Find the number of lines containing the string "lambda" in the data. Answer with the number by itself.
#### MATERIAL FOR THIS EXERCISE
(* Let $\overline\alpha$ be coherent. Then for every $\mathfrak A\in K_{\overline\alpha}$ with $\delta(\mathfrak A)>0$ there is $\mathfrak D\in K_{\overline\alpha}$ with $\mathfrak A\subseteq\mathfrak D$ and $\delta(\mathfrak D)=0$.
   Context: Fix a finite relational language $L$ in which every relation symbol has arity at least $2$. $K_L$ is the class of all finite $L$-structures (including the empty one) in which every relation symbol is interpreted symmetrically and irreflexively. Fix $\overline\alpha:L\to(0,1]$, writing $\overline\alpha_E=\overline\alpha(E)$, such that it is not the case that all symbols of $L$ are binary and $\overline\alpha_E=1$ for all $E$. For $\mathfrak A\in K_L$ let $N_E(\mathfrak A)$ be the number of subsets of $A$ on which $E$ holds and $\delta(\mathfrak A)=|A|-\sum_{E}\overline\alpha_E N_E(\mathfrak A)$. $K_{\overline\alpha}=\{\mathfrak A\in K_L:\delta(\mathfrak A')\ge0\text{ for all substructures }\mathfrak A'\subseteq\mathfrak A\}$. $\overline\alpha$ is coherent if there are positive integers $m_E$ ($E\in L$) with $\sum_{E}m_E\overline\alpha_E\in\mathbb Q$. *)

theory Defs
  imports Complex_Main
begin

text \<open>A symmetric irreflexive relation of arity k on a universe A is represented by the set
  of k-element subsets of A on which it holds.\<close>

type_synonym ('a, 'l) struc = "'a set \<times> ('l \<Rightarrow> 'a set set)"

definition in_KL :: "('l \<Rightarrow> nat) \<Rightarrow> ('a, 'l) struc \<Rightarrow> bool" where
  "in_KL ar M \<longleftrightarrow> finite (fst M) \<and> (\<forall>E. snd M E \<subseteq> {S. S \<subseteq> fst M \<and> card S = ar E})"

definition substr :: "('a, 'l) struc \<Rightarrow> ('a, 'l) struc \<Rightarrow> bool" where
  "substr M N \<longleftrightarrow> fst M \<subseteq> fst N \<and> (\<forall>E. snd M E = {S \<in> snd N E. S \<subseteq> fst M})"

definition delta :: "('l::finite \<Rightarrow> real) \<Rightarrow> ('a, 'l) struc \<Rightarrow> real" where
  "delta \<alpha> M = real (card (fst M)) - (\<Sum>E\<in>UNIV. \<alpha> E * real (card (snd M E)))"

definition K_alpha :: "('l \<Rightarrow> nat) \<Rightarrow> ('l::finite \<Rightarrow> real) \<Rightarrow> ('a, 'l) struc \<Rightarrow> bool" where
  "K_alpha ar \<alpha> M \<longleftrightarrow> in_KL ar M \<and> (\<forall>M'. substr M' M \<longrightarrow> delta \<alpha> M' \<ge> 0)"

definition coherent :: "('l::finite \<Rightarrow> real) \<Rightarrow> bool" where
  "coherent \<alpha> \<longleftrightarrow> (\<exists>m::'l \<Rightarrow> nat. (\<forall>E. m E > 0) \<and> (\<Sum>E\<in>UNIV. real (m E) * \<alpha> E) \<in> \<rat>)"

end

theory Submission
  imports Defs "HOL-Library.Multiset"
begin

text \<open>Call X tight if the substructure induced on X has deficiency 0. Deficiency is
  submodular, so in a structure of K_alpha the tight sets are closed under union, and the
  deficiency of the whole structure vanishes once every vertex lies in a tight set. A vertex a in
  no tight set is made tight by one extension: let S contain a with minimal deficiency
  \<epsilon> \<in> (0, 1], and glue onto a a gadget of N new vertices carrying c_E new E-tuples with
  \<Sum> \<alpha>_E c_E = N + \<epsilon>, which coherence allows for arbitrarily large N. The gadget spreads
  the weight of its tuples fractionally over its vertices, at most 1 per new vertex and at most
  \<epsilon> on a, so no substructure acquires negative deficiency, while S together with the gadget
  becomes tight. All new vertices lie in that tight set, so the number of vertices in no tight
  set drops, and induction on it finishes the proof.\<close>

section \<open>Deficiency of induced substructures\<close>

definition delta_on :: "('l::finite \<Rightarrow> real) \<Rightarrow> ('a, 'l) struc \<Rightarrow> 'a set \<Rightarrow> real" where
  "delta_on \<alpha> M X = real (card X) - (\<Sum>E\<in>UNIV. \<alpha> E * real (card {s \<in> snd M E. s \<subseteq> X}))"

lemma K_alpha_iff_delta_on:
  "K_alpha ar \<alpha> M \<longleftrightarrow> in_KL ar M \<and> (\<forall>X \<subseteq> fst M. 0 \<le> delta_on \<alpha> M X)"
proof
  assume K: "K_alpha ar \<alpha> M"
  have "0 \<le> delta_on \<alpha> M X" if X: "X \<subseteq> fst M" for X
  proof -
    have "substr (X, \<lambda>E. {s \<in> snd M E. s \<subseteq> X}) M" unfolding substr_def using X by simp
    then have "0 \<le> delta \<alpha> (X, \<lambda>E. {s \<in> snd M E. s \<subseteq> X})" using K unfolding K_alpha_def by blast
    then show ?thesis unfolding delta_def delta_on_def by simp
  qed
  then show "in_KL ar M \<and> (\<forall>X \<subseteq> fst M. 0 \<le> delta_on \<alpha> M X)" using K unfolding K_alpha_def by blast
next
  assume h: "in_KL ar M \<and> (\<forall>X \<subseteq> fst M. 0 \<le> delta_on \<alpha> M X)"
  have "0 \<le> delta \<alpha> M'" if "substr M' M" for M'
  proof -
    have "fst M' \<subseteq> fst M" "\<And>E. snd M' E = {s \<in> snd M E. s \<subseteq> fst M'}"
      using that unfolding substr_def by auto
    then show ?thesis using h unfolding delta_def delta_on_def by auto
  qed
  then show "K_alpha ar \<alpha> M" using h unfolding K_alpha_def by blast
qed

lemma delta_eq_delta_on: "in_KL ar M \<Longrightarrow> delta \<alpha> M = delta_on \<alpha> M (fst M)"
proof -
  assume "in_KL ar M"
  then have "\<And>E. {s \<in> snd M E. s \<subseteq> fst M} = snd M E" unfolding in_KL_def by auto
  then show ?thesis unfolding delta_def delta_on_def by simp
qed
########
ANSWER TO THE EXERCISE —
2